“I recently heard a successful business leader state that he was no different from Steve Jobs, and therefore Jobs was of no interest to him,” Eric Zelermyer writes for Medium. “It was a tossed-off, casual comment, but it bothered me, and I’ve spent a fair amount of time since pondering why.”
“Relentless devotion to minute improvements in product design is what engendered, over time, the emotional attachment of many millions of so-called ‘Apple fanboys,'” Zelermyer writes. “Apple under Steve Jobs consistently placed the improvement of their products over easy temptations of short-term profit. Why, even when Apple was nearly out of business, did Macs not become filled with sponsored crapware that undoubtedly would have brought in a huge boost to revenue? Jobs would rather have seen his products die than compromise on the experience of using them.

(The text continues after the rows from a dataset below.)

(* Let $G$ be a finite group generated by reflections of a real Euclidean space $V$ with root system $R$, and $\mathcal M_G\subset V\otimes\mathbb C$ the complement of the complexified reflection hyperplanes. Let $\sigma\in G$ be a special involution, with $V_1,V_2,R_1,R_2,G_1,G_2$ as in the context. Then every connected component of the fixed set $F_{\bar\sigma}=\{z\in\mathcal M_G:\sigma(\bar z)=z\}$ is contractible, and the number of connected components is $|G_1|\,|G_2|$.
   Context: For an involution $\sigma\in G$ (including the identity), let $V_1=\{v:\sigma v=-v\}$ and $V_2=\{v:\sigma v=v\}$, $R_i=R\cap V_i$, and $G_i$ the subgroup of $G$ generated by the reflections in the roots of $R_i$ ($i=1,2$). The involution $\sigma$ is called special if for every root $a\in R$ at least one of the orthogonal projections of $a$ onto $V_1$ and onto $V_2$ is proportional to a root from $R_1$ or $R_2$. *)

theory Defs
  imports "HOL-Analysis.Analysis"
begin

definition refl :: "'a::euclidean_space \<Rightarrow> 'a \<Rightarrow> 'a" where
  "refl a v = v - (2 * (v \<bullet> a) / (a \<bullet> a)) *\<^sub>R a"

text \<open>Group generated by the reflections in the vectors of a set R
  (reflections are involutions, so closing under left composition suffices).\<close>
inductive_set refl_group :: "'a::euclidean_space set \<Rightarrow> ('a \<Rightarrow> 'a) set"
  for R :: "'a set" where
  id_in: "id \<in> refl_group R"
| step: "g \<in> refl_group R \<Longrightarrow> a \<in> R \<Longrightarrow> refl a \<circ> g \<in> refl_group R"

definition root_system :: "'a::euclidean_space set \<Rightarrow> bool" where
  "root_system R \<longleftrightarrow> finite R \<and> 0 \<notin> R \<and> (\<forall>a\<in>R. \<forall>b\<in>R. refl a b \<in> R)"

definition orth_proj :: "'a::euclidean_space set \<Rightarrow> 'a \<Rightarrow> 'a" where
  "orth_proj S v = (THE p. p \<in> S \<and> (\<forall>w\<in>S. (v - p) \<bullet> w = 0))"

definition minus_eigenspace :: "('a::euclidean_space \<Rightarrow> 'a) \<Rightarrow> 'a set" where
  "minus_eigenspace \<sigma> = {v. \<sigma> v = - v}"

definition plus_eigenspace :: "('a::euclidean_space \<Rightarrow> 'a) \<Rightarrow> 'a set" where
  "plus_eigenspace \<sigma> = {v. \<sigma> v = v}"

definition proportional_to_root :: "'a::real_vector \<Rightarrow> 'a set \<Rightarrow> bool" where
  "proportional_to_root p S \<longleftrightarrow> (\<exists>b\<in>S. \<exists>c::real. p = c *\<^sub>R b)"

text \<open>Special involution (V1 = (-1)-eigenspace, V2 = (+1)-eigenspace, Ri = R \<inter> Vi).\<close>
definition special_involution :: "'a::euclidean_space set \<Rightarrow> ('a \<Rightarrow> 'a) \<Rightarrow> bool" where
  "special_involution R \<sigma> \<longleftrightarrow>
     \<sigma> \<in> refl_group R \<and> \<sigma> \<circ> \<sigma> = id \<and>
     (\<forall>a\<in>R.
        proportional_to_root (orth_proj (minus_eigenspace \<sigma>) a)
           ((R \<inter> minus_eigenspace \<sigma>) \<union> (R \<inter> plus_eigenspace \<sigma>))
      \<or> proportional_to_root (orth_proj (plus_eigenspace \<sigma>) a)
           ((R \<inter> minus_eigenspace \<sigma>) \<union> (R \<inter> plus_eigenspace \<sigma>)))"
(* Let $\mathcal{A}$ be a deterministic adaptive algorithm that is $(\alpha,\beta)$-instance optimal on graphs with $n$ vertices for parameter $k$. Then $\alpha^2\beta=\Omega(n/k)$.
   Context: Graphs are undirected with known edge weights and unique shortest paths; edges have distinct capacities unknown to the algorithm. For vertices $s,t$, $P(s,t)$ is the unique shortest path; an edge on $P(s,t)$ is a bottleneck edge of $P(s,t)$ if its capacity is strictly smaller than that of every other edge of $P(s,t)$. Selecting $s$ as a vantage point reveals the bottleneck edge of $P(s,t)$ and its capacity for every $t\neq s$; a set of vantage points reveals the union. An adaptive algorithm selects vantage points one at a time, learning the edges revealed by each selection before choosing the next. For an instance $I=(G,c)$, $OPT(I)$ is the maximum number of edges revealed by any set of $k$ vertices. An algorithm is $(\alpha,\beta)$-instance optimal ($\alpha,\beta\ge1$) if on every instance $I$ it selects at most $\alpha k$ vantage points and reveals at least $OPT(I)/\beta$ edges. *)

theory Defs
  imports Complex_Main
begin

text \<open>Vertices of an n-vertex graph are 0,...,n-1; an undirected edge is a
2-element vertex set. Weights w and capacities c are functions on edges.\<close>

type_synonym edge = "nat set"

definition is_path :: "edge set \<Rightarrow> nat \<Rightarrow> nat \<Rightarrow> nat list \<Rightarrow> bool" where
  "is_path E s t p \<longleftrightarrow> p \<noteq> [] \<and> hd p = s \<and> last p = t \<and> distinct p \<and>
     (\<forall>i < length p - 1. {p ! i, p ! Suc i} \<in> E)"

“It is hard to imagine any of today’s business leaders possessing the ability or desire to craft the details of their products to this level,” Zelermyer writes. “For many of us who are professionally engaged in creative pursuits, we see our skills almost in opposition to what is required to succeed in business. Self-promotion, financial meticulousness, managerial acumen, and competitiveness are traits that many of us wish we possessed but feel entirely foreign. For one person to have all those traits at a rarefied level and also possess brilliant creativity, design judgement on par with the world’s best, and a tireless devotion to enforcing his aesthetic standards is nearly unique.”
“It’s a cosmic accident, an extremely rare mutation,” Zelermyer writes. “So to those who think they possess equivalent greatness, I can only say: you’re not that lucky.”
Read more in the full article here.
MacDailyNews Take: Steve Jobs was a jack of all trades and a master of many.